> _How to complete this task_
Please repeat, from the entries that follow, the lines from the one containing "Principal submatrices on" through the one containing "a subset G1" exactly, adding nothing.

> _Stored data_
-----

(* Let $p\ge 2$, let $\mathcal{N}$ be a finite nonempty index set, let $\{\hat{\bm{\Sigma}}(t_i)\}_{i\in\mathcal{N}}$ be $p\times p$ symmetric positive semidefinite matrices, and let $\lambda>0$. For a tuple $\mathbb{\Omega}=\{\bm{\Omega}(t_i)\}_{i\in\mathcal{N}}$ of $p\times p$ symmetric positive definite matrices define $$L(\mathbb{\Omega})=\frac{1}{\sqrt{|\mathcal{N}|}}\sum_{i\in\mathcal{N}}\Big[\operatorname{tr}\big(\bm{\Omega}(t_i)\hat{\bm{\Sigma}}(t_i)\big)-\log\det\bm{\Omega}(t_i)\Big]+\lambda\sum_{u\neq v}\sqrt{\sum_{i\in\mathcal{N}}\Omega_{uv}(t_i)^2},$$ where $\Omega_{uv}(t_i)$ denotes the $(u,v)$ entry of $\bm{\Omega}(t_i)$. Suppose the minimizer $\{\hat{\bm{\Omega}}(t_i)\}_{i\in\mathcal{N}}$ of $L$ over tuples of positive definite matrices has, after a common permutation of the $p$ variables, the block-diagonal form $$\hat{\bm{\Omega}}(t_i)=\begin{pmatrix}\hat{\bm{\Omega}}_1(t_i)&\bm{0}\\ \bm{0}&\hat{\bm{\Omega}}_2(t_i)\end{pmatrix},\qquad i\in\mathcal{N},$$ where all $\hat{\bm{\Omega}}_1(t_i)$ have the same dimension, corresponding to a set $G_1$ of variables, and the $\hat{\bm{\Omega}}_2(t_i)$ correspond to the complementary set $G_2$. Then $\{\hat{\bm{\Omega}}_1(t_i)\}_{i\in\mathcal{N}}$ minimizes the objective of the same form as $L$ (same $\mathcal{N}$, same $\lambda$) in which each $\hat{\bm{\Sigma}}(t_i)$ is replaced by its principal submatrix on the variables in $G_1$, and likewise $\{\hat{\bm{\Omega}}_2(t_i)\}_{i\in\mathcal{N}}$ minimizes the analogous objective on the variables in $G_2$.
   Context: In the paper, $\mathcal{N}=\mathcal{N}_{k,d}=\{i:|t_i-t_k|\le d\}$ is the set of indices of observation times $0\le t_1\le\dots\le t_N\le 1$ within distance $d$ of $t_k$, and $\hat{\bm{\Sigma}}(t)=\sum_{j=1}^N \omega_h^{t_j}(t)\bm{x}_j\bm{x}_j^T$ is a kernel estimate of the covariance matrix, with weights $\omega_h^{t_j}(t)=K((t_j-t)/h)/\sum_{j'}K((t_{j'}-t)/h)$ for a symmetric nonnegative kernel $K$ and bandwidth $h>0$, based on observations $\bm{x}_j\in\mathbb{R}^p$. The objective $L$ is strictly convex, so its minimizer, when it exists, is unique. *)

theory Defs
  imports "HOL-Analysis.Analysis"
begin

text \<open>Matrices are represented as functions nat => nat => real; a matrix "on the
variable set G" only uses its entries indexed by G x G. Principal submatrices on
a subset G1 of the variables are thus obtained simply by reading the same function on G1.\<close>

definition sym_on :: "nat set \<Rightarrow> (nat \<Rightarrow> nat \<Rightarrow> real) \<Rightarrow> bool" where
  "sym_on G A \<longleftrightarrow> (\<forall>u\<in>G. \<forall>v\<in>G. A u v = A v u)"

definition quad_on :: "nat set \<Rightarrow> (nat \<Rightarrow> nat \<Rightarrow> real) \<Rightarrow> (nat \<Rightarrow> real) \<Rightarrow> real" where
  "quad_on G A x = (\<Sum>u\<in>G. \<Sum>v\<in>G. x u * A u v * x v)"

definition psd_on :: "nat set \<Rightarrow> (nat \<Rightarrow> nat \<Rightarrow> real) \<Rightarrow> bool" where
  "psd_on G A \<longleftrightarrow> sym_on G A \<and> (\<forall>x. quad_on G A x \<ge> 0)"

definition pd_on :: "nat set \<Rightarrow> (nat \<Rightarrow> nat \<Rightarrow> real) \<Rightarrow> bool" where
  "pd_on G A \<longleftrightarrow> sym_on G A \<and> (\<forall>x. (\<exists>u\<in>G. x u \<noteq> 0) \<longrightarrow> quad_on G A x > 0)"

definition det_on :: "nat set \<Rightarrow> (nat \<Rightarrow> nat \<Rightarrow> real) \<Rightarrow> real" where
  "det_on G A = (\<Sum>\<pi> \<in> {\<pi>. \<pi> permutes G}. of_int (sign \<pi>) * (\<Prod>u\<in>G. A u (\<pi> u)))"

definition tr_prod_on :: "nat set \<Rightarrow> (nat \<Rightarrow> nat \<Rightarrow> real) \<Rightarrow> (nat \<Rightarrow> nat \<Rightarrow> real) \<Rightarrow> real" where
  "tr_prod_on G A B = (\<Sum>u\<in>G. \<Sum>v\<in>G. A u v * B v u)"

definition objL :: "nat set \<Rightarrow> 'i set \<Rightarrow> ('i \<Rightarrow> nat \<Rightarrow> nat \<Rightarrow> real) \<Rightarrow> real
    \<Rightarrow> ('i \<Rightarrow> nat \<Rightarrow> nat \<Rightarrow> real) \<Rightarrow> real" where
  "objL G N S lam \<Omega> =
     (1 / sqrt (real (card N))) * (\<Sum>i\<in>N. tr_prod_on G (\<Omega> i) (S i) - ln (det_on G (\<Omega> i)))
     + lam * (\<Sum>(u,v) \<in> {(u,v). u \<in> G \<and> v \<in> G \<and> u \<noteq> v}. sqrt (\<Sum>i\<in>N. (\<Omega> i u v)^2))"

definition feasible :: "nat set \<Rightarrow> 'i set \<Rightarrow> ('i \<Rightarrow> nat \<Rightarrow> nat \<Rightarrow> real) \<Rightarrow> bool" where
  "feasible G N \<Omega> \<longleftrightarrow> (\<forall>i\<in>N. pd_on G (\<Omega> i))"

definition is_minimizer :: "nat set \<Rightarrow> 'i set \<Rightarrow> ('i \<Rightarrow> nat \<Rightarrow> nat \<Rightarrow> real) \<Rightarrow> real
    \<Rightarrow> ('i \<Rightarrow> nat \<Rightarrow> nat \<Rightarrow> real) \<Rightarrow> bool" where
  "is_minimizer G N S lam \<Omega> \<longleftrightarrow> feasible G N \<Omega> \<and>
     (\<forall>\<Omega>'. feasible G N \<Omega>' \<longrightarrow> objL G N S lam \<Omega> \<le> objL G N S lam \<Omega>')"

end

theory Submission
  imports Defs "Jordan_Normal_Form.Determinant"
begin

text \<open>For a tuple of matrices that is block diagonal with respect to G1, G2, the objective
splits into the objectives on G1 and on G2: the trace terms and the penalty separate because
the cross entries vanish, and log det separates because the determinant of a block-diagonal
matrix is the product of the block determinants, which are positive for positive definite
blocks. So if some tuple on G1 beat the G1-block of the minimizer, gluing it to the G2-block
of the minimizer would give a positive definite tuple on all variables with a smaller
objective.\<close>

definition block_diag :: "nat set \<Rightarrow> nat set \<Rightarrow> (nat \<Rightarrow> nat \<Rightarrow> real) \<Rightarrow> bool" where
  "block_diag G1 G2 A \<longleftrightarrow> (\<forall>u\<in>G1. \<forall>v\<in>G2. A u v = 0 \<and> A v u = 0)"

-----

> _Solution to this exercise_
variable set G" only uses its entries indexed by G x G. Principal submatrices on
a subset G1 of the variables are thus obtained simply by reading the same function on G1.\<close>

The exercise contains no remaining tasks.